System.out.println(f.getName()); // data.txt| Method | Returns | Description |
|---|---|---|
getName() | String | The file name (not the full path) |
exists() | boolean | true if the file/directory exists on disk |
length() | long | File size in bytes (0 if doesn't exist) |
getAbsolutePath() | String | The full path from the root of the filesystem |
canRead() | boolean | true if the program can read this file |
canWrite() | boolean | true if the program can write to this file |
createNewFile() | boolean | Creates the file if it doesn't exist. Returns true if created. Throws IOException. |
delete() | boolean | Deletes the file. Returns true if successful. |
import java.io.File;
import java.io.IOException;
File f = new File("data.txt");
System.out.println(f.getName()); // data.txt
System.out.println(f.exists()); // false (doesn't exist yet)

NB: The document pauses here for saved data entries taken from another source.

lemma graph_aut_preserves_layer:
  assumes "graph_aut vertices adjacent \<sigma>" "v \<in> vertices"
    and unique: "\<And>j. j < n \<Longrightarrow> layer_triangles j = layer_triangles p \<Longrightarrow> j = p"
  shows "snd (\<sigma> v) = p \<longleftrightarrow> snd v = p"
proof -
  have "snd v < n" "snd (\<sigma> v) < n"
    using assms(2) graph_aut_mem[OF assms(1,2)] by (auto simp: vertices_def)
  then show ?thesis
    using graph_aut_layer_triangles[OF assms(1,2)] unique by metis
qed

lemma graph_aut_restrict_layer:
  assumes \<sigma>: "graph_aut vertices adjacent \<sigma>" and p: "p < n"
    and layer: "\<And>v. v \<in> vertices \<Longrightarrow> snd (\<sigma> v) = p \<longleftrightarrow> snd v = p"
  shows "graph_aut (carrier G) (cayley_adj G (C p p)) (\<lambda>x. if x \<in> carrier G then fst (\<sigma> (x, p)) else x)"
proof -
  define \<phi> where "\<phi> x = fst (\<sigma> (x, p))" for x
  have \<sigma>_eq: "\<sigma> (x, p) = (\<phi> x, p)" and \<phi>_mem: "\<phi> x \<in> carrier G" if x: "x \<in> carrier G" for x
  proof -
    have "(x, p) \<in> vertices" using x p by simp
    then have "\<sigma> (x, p) \<in> vertices" "snd (\<sigma> (x, p)) = p"
      using graph_aut_mem[OF \<sigma>] layer by simp_all
    then show "\<sigma> (x, p) = (\<phi> x, p)" "\<phi> x \<in> carrier G"
      by (auto simp: \<phi>_def vertices_def prod_eq_iff)
  qed
  have bij: "bij_betw \<sigma> vertices vertices" using \<sigma> by (simp add: graph_aut_def)
  have "inj_on \<phi> (carrier G)"
  proof (rule inj_onI)
    fix x y assume xy: "x \<in> carrier G" "y \<in> carrier G" "\<phi> x = \<phi> y"
    then have "\<sigma> (x, p) = \<sigma> (y, p)" by (simp add: \<sigma>_eq)
    then have "(x, p) = (y, p)"
      by (rule inj_onD[OF bij_betw_imp_inj_on[OF bij]]) (use xy p in simp_all)
    then show "x = y" by simp
  qed
  moreover have "\<phi> ` carrier G = carrier G"
  proof (intro equalityI subsetI)
    fix y assume y: "y \<in> carrier G"
    then have "(y, p) \<in> \<sigma> ` vertices" using p bij_betw_imp_surj_on[OF bij] by simp
    then obtain v where v: "(y, p) = \<sigma> v" "v \<in> vertices" by (rule imageE)
    then have "snd v = p" using layer[OF v(2)] by (metis snd_conv)
    then obtain x where x: "v = (x, p)" by (metis prod.collapse)
    then have "x \<in> carrier G" "\<phi> x = y" using v \<sigma>_eq[of x] by simp_all
    then show "y \<in> \<phi> ` carrier G" by blast
  qed (use \<phi>_mem in auto)
  ultimately have "bij_betw \<phi> (carrier G) (carrier G)" by (simp add: bij_betw_def)
  moreover have "\<phi> y \<otimes> inv (\<phi> x) \<in> C p p \<longleftrightarrow> y \<otimes> inv x \<in> C p p"
    if "x \<in> carrier G" "y \<in> carrier G" for x y
  proof -
    have "adjacent (\<sigma> (x, p)) (\<sigma> (y, p)) \<longleftrightarrow> adjacent (x, p) (y, p)"
      using \<sigma> that p by (simp add: graph_aut_def)
    then show ?thesis using that p \<sigma>_eq \<phi>_mem by (simp add: adjacent_iff)
  qed
  ultimately show ?thesis unfolding \<phi>_def by (rule graph_aut_cayleyI[OF C_subset])
qed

System.out.println(f.getAbsolutePath()); // C:\projects\data.txt
f.createNewFile(); // actually creates the file on disk now
// throws IOException — must handle it!
System.out.println(f.exists()); // true
System.out.println(f.length()); // 0 (empty file)
System.out.println(f.canRead()); // true
System.out.println(f.canWrite()); // true
f.delete(); // removes the file
System.out.println(f.exists()); // falsenew File("x.txt") does NOT create a file. createNewFile() does. exists() returnsfalse until the file is actually on disk. Watch for this distinction in trace questions.
PrintWriter writes text to a file sequentially. It has the same print/println methods you already know from System.out.
import java.io.PrintWriter;
import java.io.File;
import java.io.IOException;
public class WriteDemo {
public static void main(String[] args) throws IOException {
// Creates the file if it doesn't exist; overwrites if it does
PrintWriter out = new PrintWriter(new File("output.txt"));
out.println("Name: Alice");
out.println("Score: 95");
out.print("Grade: ");
out.println("A");
// IMPORTANT: must close or flush to save!
out.close();
// output.txt now contains:
// Name: Alice
// Score: 95
// Grade: A
}
}If you don't call out.close(), the data may never actually be written to disk. PrintWriter buffers output — close() flushes the buffer and releases the file.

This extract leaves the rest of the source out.